== LISTED ENTRIES ==

section \<open>Monomials that S_(4,430) forces below a term\<close>

text \<open>Each rule bounds the product of \<open>w\<close> by the sum of at most two members of \<open>M\<close> in every
  algebra satisfying the identities; conversely, S_(4,430) refutes \<open>w \<le> \<Sum>M\<close> whenever
  no rule applies.\<close>

inductive covered :: "'v list set \<Rightarrow> 'v list \<Rightarrow> bool" for M where
  perm: "u \<in> M \<Longrightarrow> mset u = mset w \<Longrightarrow> covered M w"
| long: "u \<in> M \<Longrightarrow> 3 \<le> length u \<Longrightarrow> set u \<subseteq> set w \<Longrightarrow> covered M w"
| linear: "[x] \<in> M \<Longrightarrow> q \<in> M \<Longrightarrow> mset q = {#x, y#} \<Longrightarrow> x \<in> set w \<Longrightarrow> y \<in> set w \<Longrightarrow> covered M w"
| squares: "[x, x] \<in> M \<Longrightarrow> [y, y] \<in> M \<Longrightarrow> mset w = {#x, y#} \<Longrightarrow> covered M w"

definition S_below :: "'v list \<Rightarrow> 'v tm \<Rightarrow> bool" where
  "S_below w t \<longleftrightarrow>
     (\<forall>v. add4 (fold1 mul4 (map v w)) (eval_tm add4 mul4 v t) = eval_tm add4 mul4 v t)"

text \<open>\<open>E2\<close> is the zero of S_(4,430): it absorbs products and is neutral for sums, so sending the
  letters outside \<open>B\<close> to it discards every monomial that uses one of them.\<close>

lemma S_below_witness:
  assumes "S_below w t" and "add4 (fold1 mul4 (map v w)) c \<noteq> c" and "\<And>z. z \<notin> B \<Longrightarrow> v z = E2"
  obtains u where "u \<in> set (monomials t)" "u \<noteq> []" "set u \<subseteq> B"
    "add4 (fold1 mul4 (map v u)) c \<noteq> c"
proof -
  have "add4 (eval_tm add4 mul4 v t) c \<noteq> c"
  proof
    assume "add4 (eval_tm add4 mul4 v t) c = c"
    then have "add4 (fold1 mul4 (map v w)) c = c"
      using assms(1) S.leq_trans[of _ "eval_tm add4 mul4 v t" c] unfolding S_below_def by simp
    with assms(2) show False ..
  qed
  then have "\<not> (\<forall>u\<in>set (monomials t). add4 (fold1 mul4 (map v u)) c = c)"
    using S.eval_leq_iff[of v t c] by simp
  then obtain u where u: "u \<in> set (monomials t)" "add4 (fold1 mul4 (map v u)) c \<noteq> c"
    by blast
  moreover have "set u \<subseteq> B"
    using u(2) fold1_mul4_outside[of u B v] assms(3) by (cases "set u \<subseteq> B") auto
  ultimately show ?thesis
    using that monomial_nonempty by blast
qed

lemma covered_singleton:
  assumes "S_below [x] t"
  shows "covered (set (monomials t)) [x]"
proof -
  define v where "v z = (if z = x then E4 else E2)" for z
  have outside: "\<And>z. z \<notin> {x} \<Longrightarrow> v z = E2"
    by (simp add: v_def)
  have w_above: "add4 (fold1 mul4 (map v [x])) E3 \<noteq> E3"
    by (simp add: v_def)
  obtain u where u: "u \<in> set (monomials t)" "u \<noteq> []" "set u \<subseteq> {x}"
    and above: "add4 (fold1 mul4 (map v u)) E3 \<noteq> E3"
    using S_below_witness[OF assms(1) w_above outside] by blast
  from u(2) show ?thesis
  proof (cases rule: word_cases)
    case (1 z)
    then show ?thesis
      using u by (intro covered.perm[OF u(1)]) simp
  next
    case (2 a b)
    then show ?thesis
      using u above by (simp add: v_def)
  next
    case 3
    then show ?thesis
      using u by (intro covered.long[OF u(1)]) auto
  qed
qed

== WHAT YOU HAVE TO DO ==
Would you write out each entry precisely as it is given?

== PROBLEM SOLUTION ==
section \<open>Monomials that S_(4,430) forces below a term\<close>

text \<open>Each rule bounds the product of \<open>w\<close> by the sum of at most two members of \<open>M\<close> in every
  algebra satisfying the identities; conversely, S_(4,430) refutes \<open>w \<le> \<Sum>M\<close> whenever
  no rule applies.\<close>

inductive covered :: "'v list set \<Rightarrow> 'v list \<Rightarrow> bool" for M where
  perm: "u \<in> M \<Longrightarrow> mset u = mset w \<Longrightarrow> covered M w"
| long: "u \<in> M \<Longrightarrow> 3 \<le> length u \<Longrightarrow> set u \<subseteq> set w \<Longrightarrow> covered M w"
| linear: "[x] \<in> M \<Longrightarrow> q \<in> M \<Longrightarrow> mset q = {#x, y#} \<Longrightarrow> x \<in> set w \<Longrightarrow> y \<in> set w \<Longrightarrow> covered M w"
| squares: "[x, x] \<in> M \<Longrightarrow> [y, y] \<in> M \<Longrightarrow> mset w = {#x, y#} \<Longrightarrow> covered M w"

definition S_below :: "'v list \<Rightarrow> 'v tm \<Rightarrow> bool" where
  "S_below w t \<longleftrightarrow>
     (\<forall>v. add4 (fold1 mul4 (map v w)) (eval_tm add4 mul4 v t) = eval_tm add4 mul4 v t)"

text \<open>\<open>E2\<close> is the zero of S_(4,430): it absorbs products and is neutral for sums, so sending the
  letters outside \<open>B\<close> to it discards every monomial that uses one of them.\<close>

lemma S_below_witness:
  assumes "S_below w t" and "add4 (fold1 mul4 (map v w)) c \<noteq> c" and "\<And>z. z \<notin> B \<Longrightarrow> v z = E2"
  obtains u where "u \<in> set (monomials t)" "u \<noteq> []" "set u \<subseteq> B"
    "add4 (fold1 mul4 (map v u)) c \<noteq> c"
proof -
  have "add4 (eval_tm add4 mul4 v t) c \<noteq> c"
  proof
    assume "add4 (eval_tm add4 mul4 v t) c = c"
    then have "add4 (fold1 mul4 (map v w)) c = c"
      using assms(1) S.leq_trans[of _ "eval_tm add4 mul4 v t" c] unfolding S_below_def by simp
    with assms(2) show False ..
  qed
  then have "\<not> (\<forall>u\<in>set (monomials t). add4 (fold1 mul4 (map v u)) c = c)"
    using S.eval_leq_iff[of v t c] by simp
  then obtain u where u: "u \<in> set (monomials t)" "add4 (fold1 mul4 (map v u)) c \<noteq> c"
    by blast
  moreover have "set u \<subseteq> B"
    using u(2) fold1_mul4_outside[of u B v] assms(3) by (cases "set u \<subseteq> B") auto
  ultimately show ?thesis
    using that monomial_nonempty by blast
qed

lemma covered_singleton:
  assumes "S_below [x] t"
  shows "covered (set (monomials t)) [x]"
proof -
  define v where "v z = (if z = x then E4 else E2)" for z
  have outside: "\<And>z. z \<notin> {x} \<Longrightarrow> v z = E2"
    by (simp add: v_def)
  have w_above: "add4 (fold1 mul4 (map v [x])) E3 \<noteq> E3"
    by (simp add: v_def)
  obtain u where u: "u \<in> set (monomials t)" "u \<noteq> []" "set u \<subseteq> {x}"
    and above: "add4 (fold1 mul4 (map v u)) E3 \<noteq> E3"
    using S_below_witness[OF assms(1) w_above outside] by blast
  from u(2) show ?thesis
  proof (cases rule: word_cases)
    case (1 z)
    then show ?thesis
      using u by (intro covered.perm[OF u(1)]) simp
  next
    case (2 a b)
    then show ?thesis
      using u above by (simp add: v_def)
  next
    case 3
    then show ?thesis
      using u by (intro covered.long[OF u(1)]) auto
  qed
qed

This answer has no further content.